This article is about one month old but I just saw it. Good for Fort Worth, especially homeowners, and Texas which has 4 of the top 10 (bye-bye California):
Fort Worth is one of four Texas markets that are among the nation's "healthiest" housing markets, according to Jed Kolko, chief economist for real estate information site Trulia. By healthiest, Kolko explains, he doesn't just mean that home prices are rising -- "because many of the markets with the largest price gains in 2012 were rebounding from huge price declines during the bust, but they still have weak fundamentals," he says.
Here are his fundamentals: strong job growth (supporting housing demand); low vacancy rates; and low foreclosure inventory.
Those are his markers, and here are his picks: 1. Houston; 2. San Francisco; 3. Bethesda-Rockville-Frederick, Md.; 4. San Antonio; 5. Austin; 6. Seattle; 7. Omaha; 8. Peabody, Mass. (Boston suburban); 9. Fort Worth; 10. Louisville.
Read more here:
Tarrant Business
2 comments:
Is it time to buy or time to sell?!
You know I don't think it matters in Fort Worth right now, which is part of the point of the article.
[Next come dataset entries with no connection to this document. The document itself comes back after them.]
(* (A) The Lie algebra $\mathfrak t_{1,n}$ is isomorphic to the Lie algebra with generators $x_i,y_i$ ($i=1,\dots,n$) and relations: $[x_i,y_j]=[x_j,y_i]$ ($i\ne j$); $[x_i,x_j]=[y_i,y_j]=0$ (all $i,j$); $[\sum_j x_j,y_i]=[\sum_j y_j,x_i]=0$ (all $i$); $[x_i,[x_j,y_k]]=[y_i,[y_j,x_k]]=0$ ($i,j,k$ distinct); the isomorphism sends $x_i\mapsto x_i$, $y_i\mapsto y_i$, and $t_{ij}\mapsto[x_i,y_j]$. (B) $\mathfrak t_{1,n}$ is also isomorphic to the Lie algebra with generators $a_i,b_i$ ($i=1,\dots,n$) and relations: $[a_i,a_j]=[b_i,b_j]=0$ (all $i,j$); $[a_1,b_j]=[b_1,a_j]=0$ (all $j$); $[a_j,b_k]=[a_k,b_j]$ (all $j,k$); $[a_i,c_{jk}]=[b_i,c_{jk}]=0$ for $i\le j\le k$, where $c_{jk}:=[b_k,a_k-a_j]$; the isomorphism is given by $a_i=\sum_{j=i}^n x_j$, $b_i=\sum_{j=i}^n y_j$.
   Context: $\mathfrak t_{1,n}$ is the Lie algebra (over a field of characteristic $0$) with generators $x_i,y_i$ ($1\le i\le n$), $t_{ij}$ ($i\ne j$) and relations $t_{ij}=t_{ji}$, $[t_{ij},t_{ik}+t_{jk}]=0$, $[t_{ij},t_{kl}]=0$, $[x_i,y_j]=t_{ij}$ ($i\ne j$), $[x_i,x_j]=[y_i,y_j]=0$, $[x_i,y_i]=-\sum_{j\ne i}t_{ij}$, $[x_i,t_{jk}]=[y_i,t_{jk}]=0$, $[x_i+x_j,t_{ij}]=[y_i+y_j,t_{ij}]=0$, where $i,j,k,l$ denote distinct indices. *)

theory Defs
  imports Main
begin

datatype ('g, 'k) lterm =
    Gen 'g
  | LZero
  | LAdd "('g, 'k) lterm" "('g, 'k) lterm"
  | LSmul 'k "('g, 'k) lterm"
  | LBr "('g, 'k) lterm" "('g, 'k) lterm"

fun gens :: "('g, 'k) lterm \<Rightarrow> 'g set" where
  "gens (Gen g) = {g}"
| "gens LZero = {}"
| "gens (LAdd s t) = gens s \<union> gens t"
| "gens (LSmul c s) = gens s"
| "gens (LBr s t) = gens s \<union> gens t"

fun lsubst :: "('g \<Rightarrow> ('h, 'k) lterm) \<Rightarrow> ('g, 'k) lterm \<Rightarrow> ('h, 'k) lterm" where
  "lsubst f (Gen g) = f g"
| "lsubst f LZero = LZero"
| "lsubst f (LAdd s t) = LAdd (lsubst f s) (lsubst f t)"
| "lsubst f (LSmul c s) = LSmul c (lsubst f s)"
| "lsubst f (LBr s t) = LBr (lsubst f s) (lsubst f t)"
lemma exists_large_weak_Ch_g_subset:
  assumes "2 \<le> h" "2 \<le> g" "1 \<le> n"
  shows "\<exists>A\<subseteq>{1..int n}. weak_Ch_g h g A \<and>
    real n powr ((real h - 1) * (real g - 1) / (real h * real g - 1)) / 8 \<le> real (card A)"
proof -
  define x where "x = real n powr ((real h - 1) * (real g - 1) / (real h * real g - 1))"
  have hg: "4 \<le> h * g" using mult_le_mono[OF assms(1,2)] by simp
  show ?thesis
  proof (cases "x < 4")
    case True
    have "weak_Ch_g h g {1}" using hg by (intro weak_Ch_g_if_card_less) auto
    moreover have "{1} \<subseteq> {1..int n}" using assms(3) by simp
    ultimately show ?thesis using True unfolding x_def by (intro exI[of _ "{1}"]) simp
  next
    case False
    define m where "m = nat \<lfloor>x / 2\<rfloor>"
    have m: "real m \<le> x / 2" "x / 2 - 1 \<le> real m" using False unfolding m_def by linarith+
    have "real h * real g \<ge> 4" using hg by (metis of_nat_mult of_nat_le_iff of_nat_numeral)
    moreover have "(real h - 1) * (real g - 1) = real h * real g - real h - real g + 1"
      by (simp add: algebra_simps)
    ultimately have "(real h - 1) * (real g - 1) / (real h * real g - 1) \<le> 1"
      using assms(1,2) by (simp add: divide_le_eq_1)
    then have "x \<le> real n powr 1" unfolding x_def using assms(3) by (intro powr_mono) auto
    then have "m \<le> n" using m(1) by simp
    have "2 * real n ^ (h + g - 1) * real m ^ (h * g - 1) \<le> real n ^ (h * g)"
      using m(1) unfolding x_def by (rule few_patterns_if_le_half_powr[OF assms])
    moreover have "1 \<le> h" "1 \<le> g" using assms(1,2) by simp_all
    ultimately obtain A where A: "A \<subseteq> {1..int n}" "weak_Ch_g h g A" "real m / 2 \<le> real (card A)"
      using exists_weak_Ch_g_subset[of h g n m] assms(3) \<open>m \<le> n\<close> by blast
    moreover have "x / 8 \<le> real m / 2" using m(2) False by linarith
    ultimately show ?thesis unfolding x_def by (intro exI[of _ A]) simp
  qed
qed
lemma Q_box_reached_by_reversing:
  assumes "(a, b) \<in> Q_box" "0 \<le> b" "0 \<le> a"
  obtains u where "u \<in> admissible_controls" "\<And>t. 2 * b \<le> t \<Longrightarrow> xi (a, b) u t \<in> Q_box"
proof -
  have box: "a \<le> 1" "b \<le> 1" using assms(1) by (auto simp: Q_box_def)
  define u where "u = step_control (2 * b) (3 * b) (-1) 1 0"
  have adm: "u \<in> admissible_controls" unfolding u_def by (rule step_control_admissible) (use assms in auto)
  have reversing: "xi (a, b) u t = (a + (b * t - t^2 / 2), b - t)" if "0 \<le> t" "t \<le> 2 * b" for t
  proof -
    have "\<forall>r\<in>{0<..<t}. u r = -1" using that by (auto simp: u_def step_control_def)
    note segment = xi_constant_control[OF adm order.refl that(1) this, of "(a, b)"]
    show ?thesis unfolding xi_def segment by (simp add: algebra_simps)
  qed
  have reversed: "xi1 (a, b) u (2 * b) = a" "xi2 (a, b) u (2 * b) = - b"
    using reversing[of "2 * b"] assms(2) by (auto simp: xi_def power2_eq_square algebra_simps)
  have braking: "xi (a, b) u t = (a - (b * (t - 2 * b) - (t - 2 * b)^2 / 2), (t - 2 * b) - b)"
    if "2 * b \<le> t" "t \<le> 3 * b" for t
  proof -
    have "\<forall>r\<in>{2 * b<..<t}. u r = 1" using that by (auto simp: u_def step_control_def)
    moreover have "0 \<le> 2 * b" using assms(2) by simp
    note segment = xi_constant_control[OF adm this that(1) \<open>\<forall>r\<in>{2 * b<..<t}. u r = 1\<close>, of "(a, b)"]
    show ?thesis unfolding xi_def segment reversed by (simp add: algebra_simps)
  qed
  have braking_in_Q: "xi (a, b) u t \<in> Q_box" if "2 * b \<le> t" "t \<le> 3 * b" for t
    using braking[OF that] braking_distance_bounds[of "t - 2 * b" b] box assms(3) that
    by (auto simp: Q_box_def)
  have "xi (a, b) u t \<in> Q_box" if "2 * b \<le> t" for t
  proof (cases "t \<le> 3 * b")
    case False
    then have "xi (a, b) u t = xi (a, b) u (3 * b)"
      using braking[of "3 * b"] assms(2) by (intro xi_at_rest[OF adm]) (auto simp: u_def step_control_def xi_def)
    then show ?thesis using braking_in_Q[of "3 * b"] assms(2) by simp
  qed (use braking_in_Q that in auto)
  with adm show thesis by (rule that)
qed

lemma Q_box_reached_from_upper_half:
  assumes "(a, b) \<in> Q_box" "0 \<le> b"
  obtains u where "u \<in> admissible_controls" "\<And>t. 2 * b \<le> t \<Longrightarrow> xi (a, b) u t \<in> Q_box"
proof (cases "a \<le> 0")
  case True
  then obtain u where "u \<in> admissible_controls" "\<And>t. 0 \<le> t \<Longrightarrow> xi (a, b) u t \<in> Q_box"
    using Q_box_kept_by_braking[OF assms] by blast
  then show thesis using assms(2) by (intro that[of u]) auto
next
  case False
  then have "0 \<le> a" by simp
  then show thesis by (rule Q_box_reached_by_reversing[OF assms]) (rule that)
qed

lemma uminus_mem_Q_box [simp]: "- x \<in> Q_box \<longleftrightarrow> x \<in> Q_box"
  unfolding Q_box_def by (cases x) auto

lemma Q_box_reached:
  assumes "x \<in> Q_box"
  obtains u where "u \<in> admissible_controls" "\<And>t. 2 \<le> t \<Longrightarrow> xi x u t \<in> Q_box"
proof -
  obtain a b where x: "x = (a, b)" by fastforce
  have box: "(a, b) \<in> Q_box" "(- a, - b) \<in> Q_box" "\<bar>b\<bar> \<le> 1"
    using assms by (auto simp: x Q_box_def)
  show thesis
  proof (cases "0 \<le> b")
    case True
    then obtain u where "u \<in> admissible_controls" "\<And>t. 2 * b \<le> t \<Longrightarrow> xi (a, b) u t \<in> Q_box"
      using Q_box_reached_from_upper_half[OF box(1)] by blast
    then show thesis using box(3) by (intro that[of u]) (auto simp: x)
  next
    case False
    then have "0 \<le> - b" by simp
    then obtain u where u: "u \<in> admissible_controls"
      and reached: "\<And>t. 2 * - b \<le> t \<Longrightarrow> xi (- a, - b) u t \<in> Q_box"
      using Q_box_reached_from_upper_half[OF box(2)] by blast
    have "xi (a, b) (\<lambda>t. - u t) t = - xi (- a, - b) u t" for t
      using xi_uminus[of "(- a, - b)" u t] by simp
    then show thesis
      using box(3) reached by (intro that[OF admissible_controls_uminus[OF u]]) (auto simp: x)
  qed
qed

lemma controlled_recurrent_2_Q_box: "controlled_recurrent 2 Q_box"
  unfolding controlled_recurrent_def
proof
  fix x assume "x \<in> Q_box"
  then obtain u where "u \<in> admissible_controls" and reached: "\<And>t. 2 \<le> t \<Longrightarrow> xi x u t \<in> Q_box"
    using Q_box_reached by blast
  moreover have "\<exists>t'\<in>{t..t + 2}. xi x u t' \<in> Q_box" if "0 \<le> t" for t
    using reached[of "max t 2"] that by (intro bexI[of _ "max t 2"]) auto
  ultimately show "\<exists>u\<in>admissible_controls. \<forall>t\<ge>0. \<exists>t'\<in>{t..t + 2}. xi x u t' \<in> Q_box"
    by blast
qed

section \<open>Polynomially many spanning controls\<close>

lemma interval_grid:
  fixes \<delta> :: real
  assumes "0 < \<delta>"
  obtains G where "finite G" "G \<subseteq> {-1..1}" "real (card G) \<le> 2 / \<delta> + 1"
    "\<And>a. a \<in> {-1..1} \<Longrightarrow> \<exists>c\<in>G. \<bar>a - c\<bar> \<le> \<delta>"
proof
  define N where "N = nat \<lfloor>2 / \<delta>\<rfloor>"
  define G where "G = (\<lambda>k. -1 + real k * \<delta>) ` {..N}"
  have N_le: "real N \<le> 2 / \<delta>" unfolding N_def using assms by (intro of_nat_floor) simp
  then have N: "real N * \<delta> \<le> 2" using assms by (simp add: pos_le_divide_eq)
  show "finite G" unfolding G_def by simp
  have "card G \<le> N + 1" unfolding G_def using card_image_le[of "{..N}"] by simp
  then show "real (card G) \<le> 2 / \<delta> + 1" using N_le by linarith
  show "G \<subseteq> {-1..1}"
  proof
    fix c assume "c \<in> G"
    then obtain k where "k \<le> N" and c: "c = -1 + real k * \<delta>" unfolding G_def by auto
    then have "real k * \<delta> \<le> real N * \<delta>" "0 \<le> real k * \<delta>"
      using assms by (auto intro: mult_right_mono)
    then show "c \<in> {-1..1}" unfolding c atLeastAtMost_iff using N by linarith
  qed
  fix a :: real assume a: "a \<in> {-1..1}"
  define k where "k = nat \<lfloor>(a + 1) / \<delta>\<rfloor>"
  have "k \<le> N"
    unfolding k_def N_def using a assms by (intro nat_mono floor_mono divide_right_mono) auto
  moreover have "real k \<le> (a + 1) / \<delta>" "(a + 1) / \<delta> < real k + 1"
    using a assms unfolding k_def by (simp_all add: of_nat_floor)
  then have "real k * \<delta> \<le> a + 1" "a + 1 < real k * \<delta> + \<delta>"
    using assms by (simp_all add: pos_le_divide_eq pos_divide_less_eq distrib_right)
  ultimately show "\<exists>c\<in>G. \<bar>a - c\<bar> \<le> \<delta>"
    unfolding G_def by (intro bexI[of _ "-1 + real k * \<delta>"]) auto
qed

lemma xi_close:
  assumes "u \<in> admissible_controls" "0 \<le> t" "\<bar>fst x - fst y\<bar> \<le> \<delta>" "\<bar>snd x - snd y\<bar> \<le> \<delta>"
  shows "xi x u t \<in> nbhd (\<delta> * (1 + t)) {xi y u t}"
proof -
  have "\<bar>(snd x - snd y) * t\<bar> \<le> \<delta> * t"
    using assms(2,4) by (simp add: abs_mult mult_right_mono)
  then have "\<bar>xi1 x u t - xi1 y u t\<bar> \<le> \<delta> * (1 + t)"
    using xi1_difference[OF assms(1,2), of x y] assms(3) by (simp add: distrib_left)
  moreover have "\<bar>xi2 x u t - xi2 y u t\<bar> \<le> \<delta> * (1 + t)"
  proof -
    have "0 \<le> \<delta>" using assms(4) by linarith
    then have "\<delta> * 1 \<le> \<delta> * (1 + t)" using assms(2) by (intro mult_left_mono) auto
    then show ?thesis using assms(4) unfolding xi2_def by simp
  qed
  ultimately show ?thesis unfolding nbhd_def xi_def by (simp add: abs_minus_commute)
qed

lemma Q_box_grid:
  fixes \<delta> :: real
  assumes "0 < \<delta>"
  obtains G where "finite G" "G \<subseteq> Q_box" "real (card G) \<le> (2 / \<delta> + 1)^2"
    "\<And>x. x \<in> Q_box \<Longrightarrow> \<exists>c\<in>G. \<bar>fst x - fst c\<bar> \<le> \<delta> \<and> \<bar>snd x - snd c\<bar> \<le> \<delta>"
proof -
  obtain I where I: "finite I" "I \<subseteq> {-1..1}" "real (card I) \<le> 2 / \<delta> + 1"
    and dense: "\<And>a. a \<in> {-1..1} \<Longrightarrow> \<exists>c\<in>I. \<bar>a - c\<bar> \<le> \<delta>"
    using interval_grid[OF assms] by blast
  show thesis
  proof (rule that[of "I \<times> I"])
    show "finite (I \<times> I)" "I \<times> I \<subseteq> Q_box" using I(1,2) unfolding Q_box_def by auto
    show "real (card (I \<times> I)) \<le> (2 / \<delta> + 1)^2"
      unfolding card_cartesian_product power2_eq_square using I(3) by (simp add: mult_mono)
    fix x assume "x \<in> Q_box"
    then have "fst x \<in> {-1..1}" "snd x \<in> {-1..1}" unfolding Q_box_def by auto
    then obtain c1 c2 where "c1 \<in> I" "\<bar>fst x - c1\<bar> \<le> \<delta>" "c2 \<in> I" "\<bar>snd x - c2\<bar> \<le> \<delta>"
      using dense by meson
    then show "\<exists>c\<in>I \<times> I. \<bar>fst x - fst c\<bar> \<le> \<delta> \<and> \<bar>snd x - snd c\<bar> \<le> \<delta>"
      by (intro bexI[of _ "(c1, c2)"]) auto
  qed
qed
(* Let $\mathcal{A}$ be a $\tau^*_{\mathrm{tup}}$-structure which is a model of $T_{\mathrm{tup}}$ whose $M$-sort is $\mathcal{M}$, and identify $\mathcal{M}^{<\mathbb{N}}$ with its image under the unique embedding into $\mathcal{A}$ that is the identity on the $M$-sort (so that $\mathcal{M}^{<\mathbb{N}}$ is expanded by the restrictions $R\restriction_{\mathbb{N}}$ and $g\restriction_{\mathbb{N}\times M^{<\mathbb{N}}}$ of the interpretations in $\mathcal{A}$). Let $\varphi$ be a $\Pi_1$ formula of $\tau^*_{\mathrm{tup}}$ and $\bar a$ a tuple from $\mathcal{M}^{<\mathbb{N}}$. If $\mathcal{A}\models\varphi(\bar a)$, then $(\mathcal{M}^{<\mathbb{N}},R\restriction_{\mathbb{N}},g\restriction_{\mathbb{N}\times M^{<\mathbb{N}}})\models\varphi(\bar a)$.
   Context: Fix a countable language $\tau$. $\tau_{\mathrm{tup}}$ is the three-sorted language with sorts $M$ (carrying $\tau$), $N$ (carrying the language of arithmetic), and $M_{\mathrm{tup}}$, with a length function $|\cdot|:M_{\mathrm{tup}}\to N$ and a relation $\mathrm{ind}\subseteq M_{\mathrm{tup}}\times N\times M$ ("the $i$-th entry of $\pi$ is $m$"). $\tau^*_{\mathrm{tup}}=\tau_{\mathrm{tup}}\cup\{R,g\}$, $R$ a unary relation on $N$, $g:N\times M_{\mathrm{tup}}\to M$. $T_{\mathrm{tup}}$ says: the $N$-sort satisfies $PA^-$ (Peano arithmetic without induction); entries are indexed only below the length, are unique, and exist below the length; tuples with the same length and same entries are equal; an empty tuple exists; every tuple can be extended by any element of $M$ at position $|\pi|$ keeping earlier entries; and every tuple of length $\ge1$ has a truncation of length $|\pi|-1$ with the same earlier entries. $\mathcal{M}^{<\mathbb{N}}=(\mathcal{M},\mathbb{N},M^{<\mathbb{N}})$ is the standard $\tau_{\mathrm{tup}}$-structure of finite tuples from $M$. The $\Pi_1$ $\tau^*_{\mathrm{tup}}$-formulas are defined inductively: finitary quantifier-free formulas; $(\exists x\in M)\varphi$ and $(\forall x\in M)\varphi$ for $\Pi_1$ $\varphi$; $(\forall x\in N)\varphi$ and $(\forall\pi\in M_{\mathrm{tup}})\varphi$ for $\Pi_1$ $\varphi$; and $(\exists x\in N, x<t)\varphi$ and $(\exists\pi\in M_{\mathrm{tup}}, |\pi|<t)\varphi$ for $\Pi_1$ $\varphi$ and a term $t$. *)

theory Defs
  imports "HOL-Library.Countable"
begin

text \<open>The M-sort carries a tau-structure given by interpretations of function symbols
 (type 'f) and relation symbols (type 'r) acting on argument lists; arities are given
 separately and respected by well-formed formulas.\<close>

record ('m, 'n, 't, 'f, 'r) tstruct =
  Mfun  :: "'f \<Rightarrow> 'm list \<Rightarrow> 'm"
  Mrel  :: "'r \<Rightarrow> 'm list \<Rightarrow> bool"
  Nzero :: 'n
  None' :: 'n
  Nplus :: "'n \<Rightarrow> 'n \<Rightarrow> 'n"
  Ntimes :: "'n \<Rightarrow> 'n \<Rightarrow> 'n"
  Nless :: "'n \<Rightarrow> 'n \<Rightarrow> bool"
  Tlen  :: "'t \<Rightarrow> 'n"
  Tind  :: "'t \<Rightarrow> 'n \<Rightarrow> 'm \<Rightarrow> bool"
  Rrel  :: "'n \<Rightarrow> bool"
  Gfun  :: "'n \<Rightarrow> 't \<Rightarrow> 'm"

text \<open>Variables of each sort are indexed by natural numbers.  Tuple-sorted terms are
 just tuple variables (the language has no function symbols into M_tup).\<close>

datatype nterm =
    NVar nat | NZero | NOne | NPlus nterm nterm | NTimes nterm nterm
  | NLen nat

datatype 'f mterm =
    MVar nat | MFun 'f "'f mterm list"
  | MG nterm nat

datatype ('f, 'r) form =
    FFalse
  | MEq "'f mterm" "'f mterm"
  | NEq nterm nterm
  | TEq nat nat
  | NLessF nterm nterm
  | RelF 'r "'f mterm list"
  | IndF nat nterm "'f mterm"
  | RF nterm
  | Neg "('f, 'r) form"
  | Conj "('f, 'r) form" "('f, 'r) form"
  | Disj "('f, 'r) form" "('f, 'r) form"
  | ExM nat "('f, 'r) form"
  | AllM nat "('f, 'r) form"
  | ExN nat "('f, 'r) form"
  | AllN nat "('f, 'r) form"
  | ExT nat "('f, 'r) form"
  | AllT nat "('f, 'r) form"
  | ExNB nat nterm "('f, 'r) form"
  | ExTB nat nterm "('f, 'r) form"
That is, a good housing market is supported by a growing city with a broad economic base, which we have, and where prices are not wildly fluctuating one way or other.
On the down side and unrelated to the local economy is the fact that it's just damned hard to get a mortgage these days, which is bad for buyers and sellers and renters (more renters = less supply = higher rent). Home owners wanting to move do better renting than selling. I hear money is "supposed" to be loosening up for the borrower.
For now renters are getting the worst of it -- but the mortgage deduction is going buy-buy in the car-car and that hurts homeowners.
Conclusion, John: flip a coin because no one knows for sure.